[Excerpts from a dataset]
Start of Block

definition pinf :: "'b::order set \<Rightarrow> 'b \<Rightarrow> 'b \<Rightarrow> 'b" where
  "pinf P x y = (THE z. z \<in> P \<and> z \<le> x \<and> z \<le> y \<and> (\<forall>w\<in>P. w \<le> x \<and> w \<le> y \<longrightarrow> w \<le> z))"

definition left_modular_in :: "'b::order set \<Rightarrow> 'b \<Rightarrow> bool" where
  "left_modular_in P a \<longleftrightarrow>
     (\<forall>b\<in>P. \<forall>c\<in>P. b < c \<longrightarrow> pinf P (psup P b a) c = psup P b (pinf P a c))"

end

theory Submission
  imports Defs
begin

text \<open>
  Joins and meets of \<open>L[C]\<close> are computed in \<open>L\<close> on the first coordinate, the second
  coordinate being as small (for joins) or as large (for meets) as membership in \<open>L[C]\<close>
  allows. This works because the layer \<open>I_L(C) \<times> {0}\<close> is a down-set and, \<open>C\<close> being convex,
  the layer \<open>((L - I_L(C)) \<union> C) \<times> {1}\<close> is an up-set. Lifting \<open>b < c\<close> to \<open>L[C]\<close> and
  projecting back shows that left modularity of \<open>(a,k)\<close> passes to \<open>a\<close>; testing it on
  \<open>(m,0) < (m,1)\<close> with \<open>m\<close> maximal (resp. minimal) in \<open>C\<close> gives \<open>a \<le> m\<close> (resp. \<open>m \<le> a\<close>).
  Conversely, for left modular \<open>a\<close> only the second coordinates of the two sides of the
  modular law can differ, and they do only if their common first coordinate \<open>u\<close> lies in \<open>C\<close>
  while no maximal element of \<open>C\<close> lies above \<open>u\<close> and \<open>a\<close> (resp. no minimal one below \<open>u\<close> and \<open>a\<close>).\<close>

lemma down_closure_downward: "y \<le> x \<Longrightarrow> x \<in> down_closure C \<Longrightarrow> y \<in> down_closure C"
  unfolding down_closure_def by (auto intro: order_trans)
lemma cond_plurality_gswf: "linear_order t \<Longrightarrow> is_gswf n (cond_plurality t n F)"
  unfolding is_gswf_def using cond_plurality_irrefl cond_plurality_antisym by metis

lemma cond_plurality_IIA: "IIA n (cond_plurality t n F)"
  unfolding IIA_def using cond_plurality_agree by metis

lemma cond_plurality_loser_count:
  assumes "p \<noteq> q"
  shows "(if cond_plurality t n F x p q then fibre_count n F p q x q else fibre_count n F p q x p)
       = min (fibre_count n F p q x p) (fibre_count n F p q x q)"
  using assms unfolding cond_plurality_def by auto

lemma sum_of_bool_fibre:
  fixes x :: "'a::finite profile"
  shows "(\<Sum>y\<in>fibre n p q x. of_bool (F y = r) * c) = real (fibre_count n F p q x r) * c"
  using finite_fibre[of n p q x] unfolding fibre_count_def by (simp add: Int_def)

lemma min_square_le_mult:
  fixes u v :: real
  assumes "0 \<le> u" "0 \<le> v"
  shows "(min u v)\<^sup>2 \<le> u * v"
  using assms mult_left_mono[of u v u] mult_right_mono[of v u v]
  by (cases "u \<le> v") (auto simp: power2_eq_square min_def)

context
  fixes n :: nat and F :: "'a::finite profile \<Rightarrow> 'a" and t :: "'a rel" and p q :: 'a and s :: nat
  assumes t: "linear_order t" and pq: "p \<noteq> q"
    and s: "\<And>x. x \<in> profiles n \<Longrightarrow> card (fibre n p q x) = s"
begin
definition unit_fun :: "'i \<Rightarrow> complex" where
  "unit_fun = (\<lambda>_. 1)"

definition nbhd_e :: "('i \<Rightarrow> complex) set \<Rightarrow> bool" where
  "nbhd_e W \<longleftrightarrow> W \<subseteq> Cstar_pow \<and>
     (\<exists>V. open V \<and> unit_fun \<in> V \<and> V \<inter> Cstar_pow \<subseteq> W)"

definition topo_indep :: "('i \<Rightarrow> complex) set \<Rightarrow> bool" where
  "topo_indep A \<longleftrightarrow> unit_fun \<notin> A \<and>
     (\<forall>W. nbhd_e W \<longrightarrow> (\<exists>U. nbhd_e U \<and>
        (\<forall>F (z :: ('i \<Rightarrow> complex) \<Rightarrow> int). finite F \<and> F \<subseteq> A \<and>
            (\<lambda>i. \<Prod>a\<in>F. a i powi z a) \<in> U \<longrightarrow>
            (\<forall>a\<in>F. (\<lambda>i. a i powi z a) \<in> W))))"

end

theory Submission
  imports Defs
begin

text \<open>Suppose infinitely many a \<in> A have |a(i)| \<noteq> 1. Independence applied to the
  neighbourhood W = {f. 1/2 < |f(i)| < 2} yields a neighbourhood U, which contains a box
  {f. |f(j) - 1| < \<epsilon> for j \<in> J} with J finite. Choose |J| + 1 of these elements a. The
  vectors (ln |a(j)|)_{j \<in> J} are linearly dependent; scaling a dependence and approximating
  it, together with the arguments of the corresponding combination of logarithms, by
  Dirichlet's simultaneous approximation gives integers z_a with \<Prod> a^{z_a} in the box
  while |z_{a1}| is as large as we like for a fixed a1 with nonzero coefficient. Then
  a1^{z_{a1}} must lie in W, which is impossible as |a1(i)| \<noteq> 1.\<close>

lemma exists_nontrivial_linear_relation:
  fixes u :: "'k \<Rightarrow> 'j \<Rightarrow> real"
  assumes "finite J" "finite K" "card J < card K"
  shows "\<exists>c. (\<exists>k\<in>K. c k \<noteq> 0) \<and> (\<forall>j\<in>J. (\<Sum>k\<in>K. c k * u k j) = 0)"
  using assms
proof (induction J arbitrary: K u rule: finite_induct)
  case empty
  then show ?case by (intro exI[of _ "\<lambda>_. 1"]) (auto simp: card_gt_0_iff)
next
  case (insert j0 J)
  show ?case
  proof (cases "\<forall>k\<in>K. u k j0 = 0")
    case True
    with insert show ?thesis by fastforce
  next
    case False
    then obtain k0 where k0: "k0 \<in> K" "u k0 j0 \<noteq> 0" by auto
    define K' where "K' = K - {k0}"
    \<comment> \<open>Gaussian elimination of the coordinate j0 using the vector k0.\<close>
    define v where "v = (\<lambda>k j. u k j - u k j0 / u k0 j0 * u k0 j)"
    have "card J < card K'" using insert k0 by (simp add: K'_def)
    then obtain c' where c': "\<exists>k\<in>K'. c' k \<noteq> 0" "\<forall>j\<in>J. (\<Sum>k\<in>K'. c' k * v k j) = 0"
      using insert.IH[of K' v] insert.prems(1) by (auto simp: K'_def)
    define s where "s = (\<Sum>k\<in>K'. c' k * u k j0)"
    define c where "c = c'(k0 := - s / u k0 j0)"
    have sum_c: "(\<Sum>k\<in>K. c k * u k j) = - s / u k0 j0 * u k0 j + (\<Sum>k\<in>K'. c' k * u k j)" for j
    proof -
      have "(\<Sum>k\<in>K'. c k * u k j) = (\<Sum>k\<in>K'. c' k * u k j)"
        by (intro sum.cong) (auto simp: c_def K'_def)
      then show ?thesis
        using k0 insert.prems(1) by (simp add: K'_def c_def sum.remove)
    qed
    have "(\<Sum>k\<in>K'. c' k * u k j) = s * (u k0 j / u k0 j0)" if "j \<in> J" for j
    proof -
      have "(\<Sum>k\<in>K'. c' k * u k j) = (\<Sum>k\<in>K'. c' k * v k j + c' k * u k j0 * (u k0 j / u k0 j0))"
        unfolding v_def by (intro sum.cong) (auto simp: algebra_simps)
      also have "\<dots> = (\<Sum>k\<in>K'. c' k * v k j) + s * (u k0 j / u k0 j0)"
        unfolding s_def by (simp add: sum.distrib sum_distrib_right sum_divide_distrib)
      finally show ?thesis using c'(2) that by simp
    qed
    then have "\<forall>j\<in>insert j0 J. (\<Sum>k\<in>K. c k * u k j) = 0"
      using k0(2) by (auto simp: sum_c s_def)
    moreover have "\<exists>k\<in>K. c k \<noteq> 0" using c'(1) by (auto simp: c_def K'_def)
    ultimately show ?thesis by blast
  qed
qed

End of Block

#### WHAT YOU ARE ASKED TO DO
The lines above, from the start of the records through the one containing "(resp. \<open>m \<le> a\<close>).", are to be printed exactly, and nothing else is to be included.

#### RESPONSE
definition pinf :: "'b::order set \<Rightarrow> 'b \<Rightarrow> 'b \<Rightarrow> 'b" where
  "pinf P x y = (THE z. z \<in> P \<and> z \<le> x \<and> z \<le> y \<and> (\<forall>w\<in>P. w \<le> x \<and> w \<le> y \<longrightarrow> w \<le> z))"

definition left_modular_in :: "'b::order set \<Rightarrow> 'b \<Rightarrow> bool" where
  "left_modular_in P a \<longleftrightarrow>
     (\<forall>b\<in>P. \<forall>c\<in>P. b < c \<longrightarrow> pinf P (psup P b a) c = psup P b (pinf P a c))"

end

theory Submission
  imports Defs
begin

text \<open>
  Joins and meets of \<open>L[C]\<close> are computed in \<open>L\<close> on the first coordinate, the second
  coordinate being as small (for joins) or as large (for meets) as membership in \<open>L[C]\<close>
  allows. This works because the layer \<open>I_L(C) \<times> {0}\<close> is a down-set and, \<open>C\<close> being convex,
  the layer \<open>((L - I_L(C)) \<union> C) \<times> {1}\<close> is an up-set. Lifting \<open>b < c\<close> to \<open>L[C]\<close> and
  projecting back shows that left modularity of \<open>(a,k)\<close> passes to \<open>a\<close>; testing it on
  \<open>(m,0) < (m,1)\<close> with \<open>m\<close> maximal (resp. minimal) in \<open>C\<close> gives \<open>a \<le> m\<close> (resp. \<open>m \<le> a\<close>).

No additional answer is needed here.